- **Prompt**: Repeat the listing exactly, line by line.

[Exercise data Boundary: Start]

lemma finite_common_zeros:
  fixes F G :: "'a::{alg_closed_field,field_char_0} poly poly"
  assumes irr: "irreducible F" and "eval2 F x y = 0" "eval2 G x y \<noteq> 0"
  shows "finite {(x,y). eval2 F x y = 0 \<and> eval2 G x y = 0}"
  using vanishes_on_curve_if_infinite_common_zeros[OF irr] assms by blast

definition zero_set :: "'a::comm_semiring_1 poly poly set \<Rightarrow> ('a \<times> 'a) set" where
  "zero_set P = {(x1, x2). \<forall>g\<in>P. eval2 g x1 x2 = 0}"

lemma zariski_closed_iff: "zariski_closed S \<longleftrightarrow> (\<exists>P. S = zero_set P)"
  by (simp add: zariski_closed_def zero_set_def)

lemma mem_zero_set: "(x,y) \<in> zero_set P \<longleftrightarrow> (\<forall>g\<in>P. eval2 g x y = 0)"
  by (simp add: zero_set_def)

lemma zariski_closed_zero_set: "zariski_closed (zero_set P)" by (auto simp: zariski_closed_iff)

lemma zariski_closed_Inter:
  assumes "\<forall>S\<in>\<S>. zariski_closed S" shows "zariski_closed (\<Inter>\<S>)"
proof -
  from assms obtain fP where fP: "\<forall>S\<in>\<S>. S = zero_set (fP S)" unfolding zariski_closed_iff by metis
  have "\<Inter>\<S> = (\<Inter>S\<in>\<S>. zero_set (fP S))" using fP by blast
  also have "\<dots> = zero_set (\<Union>S\<in>\<S>. fP S)" by (auto simp: zero_set_def)
  finally have "\<Inter>\<S> = zero_set (\<Union>S\<in>\<S>. fP S)" .
  then show ?thesis by (simp add: zariski_closed_zero_set)
qed

lemma zariski_closed_Int: "zariski_closed A \<Longrightarrow> zariski_closed B \<Longrightarrow> zariski_closed (A \<inter> B)"
  using zariski_closed_Inter[of "{A,B}"] by auto

lemma zariski_closed_Un:
  fixes A :: "('a::{comm_semiring_1,semiring_no_zero_divisors} \<times> 'a) set"
  assumes "zariski_closed A" "zariski_closed B" shows "zariski_closed (A \<union> B)"
proof -
  obtain P Q where A: "A = zero_set P" and B: "B = zero_set Q" using assms by (auto simp: zariski_closed_iff)
  have "A \<union> B = zero_set {p * q | p q. p \<in> P \<and> q \<in> Q}"
  proof (intro set_eqI iffI)
    fix z assume "z \<in> A \<union> B" then show "z \<in> zero_set {p * q | p q. p \<in> P \<and> q \<in> Q}"
      by (cases z) (auto simp: A B zero_set_def)
  next
    fix z assume z: "z \<in> zero_set {p * q | p q. p \<in> P \<and> q \<in> Q}"
    obtain x y where xy: "z = (x, y)" by (cases z)
    show "z \<in> A \<union> B"
    proof (cases "z \<in> A")
      case False
      then obtain p where p: "p \<in> P" "eval2 p x y \<noteq> 0" by (auto simp: A zero_set_def xy)
      have "\<forall>q\<in>Q. eval2 q x y = 0"
      proof
        fix q assume "q \<in> Q"
        then have "p * q \<in> {p * q | p q. p \<in> P \<and> q \<in> Q}" using p(1) by blast
        moreover have "\<forall>g\<in>{p * q | p q. p \<in> P \<and> q \<in> Q}. eval2 g x y = 0"
          using z by (simp only: xy mem_zero_set)
        ultimately have "eval2 (p * q) x y = 0" by (rule bspec[rotated])
        then show "eval2 q x y = 0" using p by simp
      qed
      then show ?thesis by (simp add: B zero_set_def xy)
    qed simp
  qed
  then show ?thesis by (simp add: zariski_closed_zero_set)
qed

lemma zariski_closed_empty: "zariski_closed ({} :: ('a::comm_semiring_1 \<times> 'a) set)"
proof -
  have "({} :: ('a \<times> 'a) set) = zero_set {1}" by (auto simp: zero_set_def)
  then show ?thesis by (metis zariski_closed_zero_set)
qed

lemma zariski_closed_UNIV: "zariski_closed (UNIV :: ('a::comm_semiring_1 \<times> 'a) set)"
proof -
  have "(UNIV :: ('a \<times> 'a) set) = zero_set {}" by (auto simp: zero_set_def)
  then show ?thesis by (metis zariski_closed_zero_set)
qed

lemma zariski_closed_singleton: "zariski_closed {(a::'a::comm_ring_1, b)}"
proof -
  have e1: "eval2 [:[:-a,1:]:] x y = x - a" for x y by (simp add: eval2_altdef)
  have e2: "eval2 [:[:-b:],1:] x y = y - b" for x y by (simp add: eval2_altdef)
  have "{(a, b)} = zero_set {[:[:-a,1:]:], [:[:-b:],1:]}" by (auto simp: zero_set_def e1 e2)
  then show ?thesis by (simp add: zariski_closed_zero_set)
qed

lemma zariski_closed_finite:
  fixes S :: "('a::{comm_ring_1,semiring_no_zero_divisors} \<times> 'a) set"
  shows "finite S \<Longrightarrow> zariski_closed S"
proof (induction rule: finite_induct)
  case empty then show ?case by (rule zariski_closed_empty)
next
  case (insert z S)
  have "insert z S = {z} \<union> S" by auto
  then show ?case using zariski_closed_Un[OF zariski_closed_singleton[of "fst z" "snd z"] insert.IH] by simp
qed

[Exercise data Boundary: End]

- **Your response**:
lemma finite_common_zeros:
  fixes F G :: "'a::{alg_closed_field,field_char_0} poly poly"
  assumes irr: "irreducible F" and "eval2 F x y = 0" "eval2 G x y \<noteq> 0"
  shows "finite {(x,y). eval2 F x y = 0 \<and> eval2 G x y = 0}"
  using vanishes_on_curve_if_infinite_common_zeros[OF irr] assms by blast

definition zero_set :: "'a::comm_semiring_1 poly poly set \<Rightarrow> ('a \<times> 'a) set" where
  "zero_set P = {(x1, x2). \<forall>g\<in>P. eval2 g x1 x2 = 0}"

lemma zariski_closed_iff: "zariski_closed S \<longleftrightarrow> (\<exists>P. S = zero_set P)"
  by (simp add: zariski_closed_def zero_set_def)

lemma mem_zero_set: "(x,y) \<in> zero_set P \<longleftrightarrow> (\<forall>g\<in>P. eval2 g x y = 0)"
  by (simp add: zero_set_def)

lemma zariski_closed_zero_set: "zariski_closed (zero_set P)" by (auto simp: zariski_closed_iff)

lemma zariski_closed_Inter:
  assumes "\<forall>S\<in>\<S>. zariski_closed S" shows "zariski_closed (\<Inter>\<S>)"
proof -
  from assms obtain fP where fP: "\<forall>S\<in>\<S>. S = zero_set (fP S)" unfolding zariski_closed_iff by metis
  have "\<Inter>\<S> = (\<Inter>S\<in>\<S>. zero_set (fP S))" using fP by blast
  also have "\<dots> = zero_set (\<Union>S\<in>\<S>. fP S)" by (auto simp: zero_set_def)
  finally have "\<Inter>\<S> = zero_set (\<Union>S\<in>\<S>. fP S)" .
  then show ?thesis by (simp add: zariski_closed_zero_set)
qed

lemma zariski_closed_Int: "zariski_closed A \<Longrightarrow> zariski_closed B \<Longrightarrow> zariski_closed (A \<inter> B)"
  using zariski_closed_Inter[of "{A,B}"] by auto

lemma zariski_closed_Un:
  fixes A :: "('a::{comm_semiring_1,semiring_no_zero_divisors} \<times> 'a) set"
  assumes "zariski_closed A" "zariski_closed B" shows "zariski_closed (A \<union> B)"
proof -
  obtain P Q where A: "A = zero_set P" and B: "B = zero_set Q" using assms by (auto simp: zariski_closed_iff)
  have "A \<union> B = zero_set {p * q | p q. p \<in> P \<and> q \<in> Q}"
  proof (intro set_eqI iffI)
    fix z assume "z \<in> A \<union> B" then show "z \<in> zero_set {p * q | p q. p \<in> P \<and> q \<in> Q}"
      by (cases z) (auto simp: A B zero_set_def)
  next
    fix z assume z: "z \<in> zero_set {p * q | p q. p \<in> P \<and> q \<in> Q}"
    obtain x y where xy: "z = (x, y)" by (cases z)
    show "z \<in> A \<union> B"
    proof (cases "z \<in> A")
      case False
      then obtain p where p: "p \<in> P" "eval2 p x y \<noteq> 0" by (auto simp: A zero_set_def xy)
      have "\<forall>q\<in>Q. eval2 q x y = 0"
      proof
        fix q assume "q \<in> Q"
        then have "p * q \<in> {p * q | p q. p \<in> P \<and> q \<in> Q}" using p(1) by blast
        moreover have "\<forall>g\<in>{p * q | p q. p \<in> P \<and> q \<in> Q}. eval2 g x y = 0"
          using z by (simp only: xy mem_zero_set)
        ultimately have "eval2 (p * q) x y = 0" by (rule bspec[rotated])
        then show "eval2 q x y = 0" using p by simp
      qed
      then show ?thesis by (simp add: B zero_set_def xy)
    qed simp
  qed
  then show ?thesis by (simp add: zariski_closed_zero_set)
qed

lemma zariski_closed_empty: "zariski_closed ({} :: ('a::comm_semiring_1 \<times> 'a) set)"
proof -
  have "({} :: ('a \<times> 'a) set) = zero_set {1}" by (auto simp: zero_set_def)
  then show ?thesis by (metis zariski_closed_zero_set)
qed

lemma zariski_closed_UNIV: "zariski_closed (UNIV :: ('a::comm_semiring_1 \<times> 'a) set)"
proof -
  have "(UNIV :: ('a \<times> 'a) set) = zero_set {}" by (auto simp: zero_set_def)
  then show ?thesis by (metis zariski_closed_zero_set)
qed

lemma zariski_closed_singleton: "zariski_closed {(a::'a::comm_ring_1, b)}"
proof -
  have e1: "eval2 [:[:-a,1:]:] x y = x - a" for x y by (simp add: eval2_altdef)
  have e2: "eval2 [:[:-b:],1:] x y = y - b" for x y by (simp add: eval2_altdef)
  have "{(a, b)} = zero_set {[:[:-a,1:]:], [:[:-b:],1:]}" by (auto simp: zero_set_def e1 e2)
  then show ?thesis by (simp add: zariski_closed_zero_set)
qed

lemma zariski_closed_finite:
  fixes S :: "('a::{comm_ring_1,semiring_no_zero_divisors} \<times> 'a) set"
  shows "finite S \<Longrightarrow> zariski_closed S"
proof (induction rule: finite_induct)
  case empty then show ?case by (rule zariski_closed_empty)
next
  case (insert z S)
  have "insert z S = {z} \<union> S" by auto
  then show ?case using zariski_closed_Un[OF zariski_closed_singleton[of "fst z" "snd z"] insert.IH] by simp
qed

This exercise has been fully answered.